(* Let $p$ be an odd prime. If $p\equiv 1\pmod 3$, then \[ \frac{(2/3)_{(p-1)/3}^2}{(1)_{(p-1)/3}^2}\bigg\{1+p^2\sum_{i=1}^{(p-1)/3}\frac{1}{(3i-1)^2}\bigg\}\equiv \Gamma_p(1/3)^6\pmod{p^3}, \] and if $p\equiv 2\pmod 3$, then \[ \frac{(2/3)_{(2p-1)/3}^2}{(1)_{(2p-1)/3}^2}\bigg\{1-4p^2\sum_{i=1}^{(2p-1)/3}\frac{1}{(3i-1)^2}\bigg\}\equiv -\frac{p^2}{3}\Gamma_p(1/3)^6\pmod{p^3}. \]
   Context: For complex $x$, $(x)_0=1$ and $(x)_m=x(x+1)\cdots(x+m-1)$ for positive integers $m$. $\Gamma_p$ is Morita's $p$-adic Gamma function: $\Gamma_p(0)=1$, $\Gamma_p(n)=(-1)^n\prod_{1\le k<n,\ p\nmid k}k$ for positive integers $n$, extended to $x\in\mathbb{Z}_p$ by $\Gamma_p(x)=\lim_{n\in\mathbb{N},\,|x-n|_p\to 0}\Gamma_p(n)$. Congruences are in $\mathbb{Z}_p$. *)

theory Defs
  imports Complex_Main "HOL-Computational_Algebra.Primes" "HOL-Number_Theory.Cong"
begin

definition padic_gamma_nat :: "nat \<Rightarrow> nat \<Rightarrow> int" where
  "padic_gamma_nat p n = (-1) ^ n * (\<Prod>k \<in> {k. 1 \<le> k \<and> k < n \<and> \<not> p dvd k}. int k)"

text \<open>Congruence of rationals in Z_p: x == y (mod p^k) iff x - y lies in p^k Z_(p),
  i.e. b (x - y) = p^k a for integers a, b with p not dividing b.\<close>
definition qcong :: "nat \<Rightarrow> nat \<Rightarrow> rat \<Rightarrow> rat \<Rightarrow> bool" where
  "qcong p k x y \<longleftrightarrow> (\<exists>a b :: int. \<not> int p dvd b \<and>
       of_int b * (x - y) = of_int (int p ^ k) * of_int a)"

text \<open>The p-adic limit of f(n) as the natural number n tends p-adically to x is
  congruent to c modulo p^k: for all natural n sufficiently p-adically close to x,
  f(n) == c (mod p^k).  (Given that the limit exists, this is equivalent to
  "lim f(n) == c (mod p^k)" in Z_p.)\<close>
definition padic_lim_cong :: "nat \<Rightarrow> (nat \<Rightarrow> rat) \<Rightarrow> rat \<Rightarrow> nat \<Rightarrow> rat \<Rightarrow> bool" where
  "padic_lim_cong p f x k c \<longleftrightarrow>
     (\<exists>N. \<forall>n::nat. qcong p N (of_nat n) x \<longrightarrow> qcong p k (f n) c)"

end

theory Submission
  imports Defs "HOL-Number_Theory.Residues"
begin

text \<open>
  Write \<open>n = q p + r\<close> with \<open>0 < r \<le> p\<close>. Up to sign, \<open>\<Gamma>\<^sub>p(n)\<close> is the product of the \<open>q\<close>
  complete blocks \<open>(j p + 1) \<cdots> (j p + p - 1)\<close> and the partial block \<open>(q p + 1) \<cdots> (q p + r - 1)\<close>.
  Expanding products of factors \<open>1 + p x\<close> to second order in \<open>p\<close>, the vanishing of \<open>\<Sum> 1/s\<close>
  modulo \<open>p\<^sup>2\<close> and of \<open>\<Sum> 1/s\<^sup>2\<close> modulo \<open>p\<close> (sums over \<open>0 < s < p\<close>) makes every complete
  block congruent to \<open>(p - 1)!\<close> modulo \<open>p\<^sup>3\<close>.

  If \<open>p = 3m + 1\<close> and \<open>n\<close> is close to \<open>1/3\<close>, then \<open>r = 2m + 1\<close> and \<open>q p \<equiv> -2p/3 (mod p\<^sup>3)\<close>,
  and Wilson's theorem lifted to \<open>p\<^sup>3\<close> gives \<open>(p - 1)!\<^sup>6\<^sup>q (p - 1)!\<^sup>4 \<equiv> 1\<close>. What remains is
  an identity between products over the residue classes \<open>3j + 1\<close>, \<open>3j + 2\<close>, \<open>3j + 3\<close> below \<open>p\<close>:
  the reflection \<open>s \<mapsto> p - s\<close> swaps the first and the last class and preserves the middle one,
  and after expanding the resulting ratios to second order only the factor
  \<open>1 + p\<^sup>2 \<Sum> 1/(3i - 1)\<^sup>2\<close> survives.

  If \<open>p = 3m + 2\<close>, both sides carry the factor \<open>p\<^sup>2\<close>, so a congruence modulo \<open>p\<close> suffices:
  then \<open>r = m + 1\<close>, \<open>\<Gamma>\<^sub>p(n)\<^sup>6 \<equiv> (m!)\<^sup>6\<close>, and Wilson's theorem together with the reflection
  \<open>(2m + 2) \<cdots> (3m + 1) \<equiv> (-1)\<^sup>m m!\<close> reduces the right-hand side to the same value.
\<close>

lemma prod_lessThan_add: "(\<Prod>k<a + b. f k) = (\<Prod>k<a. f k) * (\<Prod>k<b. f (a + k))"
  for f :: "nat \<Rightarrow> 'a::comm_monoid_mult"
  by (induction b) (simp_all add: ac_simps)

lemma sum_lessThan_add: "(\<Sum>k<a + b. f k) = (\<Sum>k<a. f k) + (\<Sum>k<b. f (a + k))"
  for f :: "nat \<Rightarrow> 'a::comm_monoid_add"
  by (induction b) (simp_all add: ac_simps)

---

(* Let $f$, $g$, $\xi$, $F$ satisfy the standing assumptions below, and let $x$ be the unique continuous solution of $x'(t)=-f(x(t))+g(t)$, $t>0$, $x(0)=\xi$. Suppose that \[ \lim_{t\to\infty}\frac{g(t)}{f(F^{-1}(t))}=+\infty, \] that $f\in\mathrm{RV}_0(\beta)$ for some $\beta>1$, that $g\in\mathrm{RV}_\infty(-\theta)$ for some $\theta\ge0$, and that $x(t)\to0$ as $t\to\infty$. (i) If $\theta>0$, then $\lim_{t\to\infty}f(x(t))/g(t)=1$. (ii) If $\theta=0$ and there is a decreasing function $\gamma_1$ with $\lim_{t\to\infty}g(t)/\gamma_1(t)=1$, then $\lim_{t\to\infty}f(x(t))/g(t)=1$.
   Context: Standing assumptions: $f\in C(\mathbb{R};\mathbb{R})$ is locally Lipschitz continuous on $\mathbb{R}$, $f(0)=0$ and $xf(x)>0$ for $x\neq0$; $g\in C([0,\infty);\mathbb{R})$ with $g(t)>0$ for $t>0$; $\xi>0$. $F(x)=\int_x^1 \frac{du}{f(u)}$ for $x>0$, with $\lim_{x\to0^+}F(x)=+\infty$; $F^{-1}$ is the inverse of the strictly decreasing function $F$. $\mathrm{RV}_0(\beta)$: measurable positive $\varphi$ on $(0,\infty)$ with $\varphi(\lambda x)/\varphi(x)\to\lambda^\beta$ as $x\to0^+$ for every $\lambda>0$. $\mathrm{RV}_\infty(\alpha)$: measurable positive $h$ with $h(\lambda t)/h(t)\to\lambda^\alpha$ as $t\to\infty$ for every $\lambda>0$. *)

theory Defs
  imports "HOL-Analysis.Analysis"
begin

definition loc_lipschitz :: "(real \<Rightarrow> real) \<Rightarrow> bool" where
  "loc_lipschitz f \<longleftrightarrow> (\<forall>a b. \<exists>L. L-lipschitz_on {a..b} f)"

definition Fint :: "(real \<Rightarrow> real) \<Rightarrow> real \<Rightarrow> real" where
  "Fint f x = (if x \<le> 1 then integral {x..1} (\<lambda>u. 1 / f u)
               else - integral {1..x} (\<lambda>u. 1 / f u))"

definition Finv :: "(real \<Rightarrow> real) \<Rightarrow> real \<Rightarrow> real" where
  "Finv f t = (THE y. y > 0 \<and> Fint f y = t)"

→ What the task requires
In the listing above, find the line with "f(n) == c (mod p^k)." and the line with "block congruent to". Output those two lines and every line between them, exactly as written.

→ Result below
  f(n) == c (mod p^k).  (Given that the limit exists, this is equivalent to
  "lim f(n) == c (mod p^k)" in Z_p.)\<close>
definition padic_lim_cong :: "nat \<Rightarrow> (nat \<Rightarrow> rat) \<Rightarrow> rat \<Rightarrow> nat \<Rightarrow> rat \<Rightarrow> bool" where
  "padic_lim_cong p f x k c \<longleftrightarrow>
     (\<exists>N. \<forall>n::nat. qcong p N (of_nat n) x \<longrightarrow> qcong p k (f n) c)"

end

theory Submission
  imports Defs "HOL-Number_Theory.Residues"
begin

text \<open>
  Write \<open>n = q p + r\<close> with \<open>0 < r \<le> p\<close>. Up to sign, \<open>\<Gamma>\<^sub>p(n)\<close> is the product of the \<open>q\<close>
  complete blocks \<open>(j p + 1) \<cdots> (j p + p - 1)\<close> and the partial block \<open>(q p + 1) \<cdots> (q p + r - 1)\<close>.
  Expanding products of factors \<open>1 + p x\<close> to second order in \<open>p\<close>, the vanishing of \<open>\<Sum> 1/s\<close>
  modulo \<open>p\<^sup>2\<close> and of \<open>\<Sum> 1/s\<^sup>2\<close> modulo \<open>p\<close> (sums over \<open>0 < s < p\<close>) makes every complete
  block congruent to \<open>(p - 1)!\<close> modulo \<open>p\<^sup>3\<close>.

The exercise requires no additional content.